Sunday
November 15
2009

Amie Vaccaro

Net Impact 2009: ICT in Emerging Markets is an Enabler of Good Things, Not a Cure-All

What are the challenges and opportunities of introducing information and communications technology (ICT) in emerging markets? How has ICT been received? What works and what does not? The Net Impact conference featured a panel on “Using Technology to Develop Business in Emerging Markets” which touched on some of the fundamental struggles of development work. The panelists displayed a level of respect and caution regarding spreading ICT in emerging markets that I appreciated.

Moderated by Glen Dowell, Professor at Cornell University, the panel featured David Ferguson, Director of Global Development Commons at USAID, Grant Thomas, Vice President of Strategic Development at the Digital Opportunity Trust, and Molly Tschang, Managing Director of International Programs at Cisco. Together, the panel brought in a wide array of development voices from academia, government, non-profit and the private sectors.

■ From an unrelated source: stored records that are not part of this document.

lemma (in group) retraction_graph_compatible_root:
  assumes M: "retraction_graph G D M" and D: "divisible_subgroup D G" and a: "a \<in> carrier G"
  obtains e where "e \<in> D" and "\<And>k y. (a [^] (k::int), y) \<in> M \<Longrightarrow> y = e [^] k"
proof -
  have DS: "subgroup D G"
    using D unfolding divisible_subgroup_def by blast
  \<comment> \<open>the exponents k with a^k in the domain of M form the ideal m\<int>; then e must be an
    m-th root of the image of a^m, and this is where divisibility of D is used\<close>
  obtain m :: nat where m: "\<And>k::int. a [^] k \<in> Domain M \<longleftrightarrow> int m dvd k"
    using int_pow_mem_subgroup_iff_dvd[OF retraction_graph_Domain_subgroup[OF M DS] a] by blast
  obtain e where e: "e \<in> D" "(a [^] int m, e [^] int m) \<in> M"
  proof (cases "m = 0")
    case True
    then show ?thesis
      using that retraction_graph_diag[OF M] subgroup.one_closed[OF DS] by simp
  next
    case False
    obtain y where y: "(a [^] int m, y) \<in> M"
      using m[of "int m"] by auto
    then have "y \<in> D"
      using retraction_graph_subset[OF M] by auto
    moreover have "1 \<le> m"
      using False by simp
    ultimately obtain e where "e \<in> D" "e [^] m = y"
      using D unfolding divisible_subgroup_def by blast
    then show ?thesis
      using that y by (simp add: int_pow_int)
  qed
  show ?thesis
  proof (rule that[OF e(1)])
    fix k y
    assume ky: "(a [^] (k::int), y) \<in> M"
    then obtain q where k: "k = int m * q"
      using m[of k] by (auto elim: dvdE)
    have "(a [^] k, e [^] k) \<in> M"
      using retraction_graph_int_pow[OF M DS e(2), of q] a subgroup.mem_carrier[OF DS e(1)]
      by (simp add: int_pow_pow k)
    then show "y = e [^] k"
      using retraction_graph_functional[OF M ky] by blast
  qed
qed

How can ICT help emerging markets? In one example, Internet in the developing world has been found to double the stay of tourists, Ferguson pointed out. Lots of the developing world is a wonderful place to visit, but if you can’t see it online, you won’t go, so developing internet abilities will open it up to tourism and business.

International development as a field is incredibly wide, because each region is unique and contextual. An emerging market strategy that’s not country specific will fail, Tschang pointed out. In her work, she focuses on community driven work that has already proven scalable.

The panelists agreed that ICT fails when it’s dropped in to emerging markets irreverently, without taking context into account. And short of the mobile phone, ICT hasn’t really taken off in the developing world, Tschang explained. Other technologies can be well intentioned, but unless they are delivered in a thoughtful and relevant manner, they won’t be utilized. Tschang described that they’ll find PCs used as doorsteps just years later. “We think they need what we have,” Tschang pointed out. We must engage people, bring them into the conversation, create an equal opportunity partnership, rather than a donor/ beneficiary relationship.”

It’s best to involve the people living with the problem when you go to solve that problem rather than shove a solution down their throats. Never set up something that cannot continue without you, Ferguson advised. He also stressed the need to involve government in change – “Government stays in the way of a lot of things.” And the status quo has gotten us where we are. Be sensitive to local government context.

Thomas told a compelling story of a telecenter built in South Africa that initially caused a divide between young and old. The elders thought they had nothing to do with the technology. But someone purchased a digital camera and took photos in the community, then brought people in to see their photos on a computer. People began to learn about the skills of those around them that they hadn’t known. With a thoughtful steward, the computer unified the community, rather than divided it.

When partnering in emerging markets, Thomas stressed that everyone has to put in to the partnership. If it’s free for one side, then it has no value to them and it won’t be utilized. Also, you need to understand the motivations of all partners – especially in the case of private sector involvement. Tschang noted that it’s a sign of respect to place a value on the services provided to developing world, and this shifts the aid dynamic in a positive way from one of handouts to willing partner.

ICT in emerging markets needs to be better understood – investing in ICT will not cause immediate economic growth. Rather, when shared thoughtfully, ICT is an excellent enabler across many areas of need, including education, health, and employment.

“The more we can get people connected [to ICT], the more they will figure out how to use it for their own good,” Ferguson noted.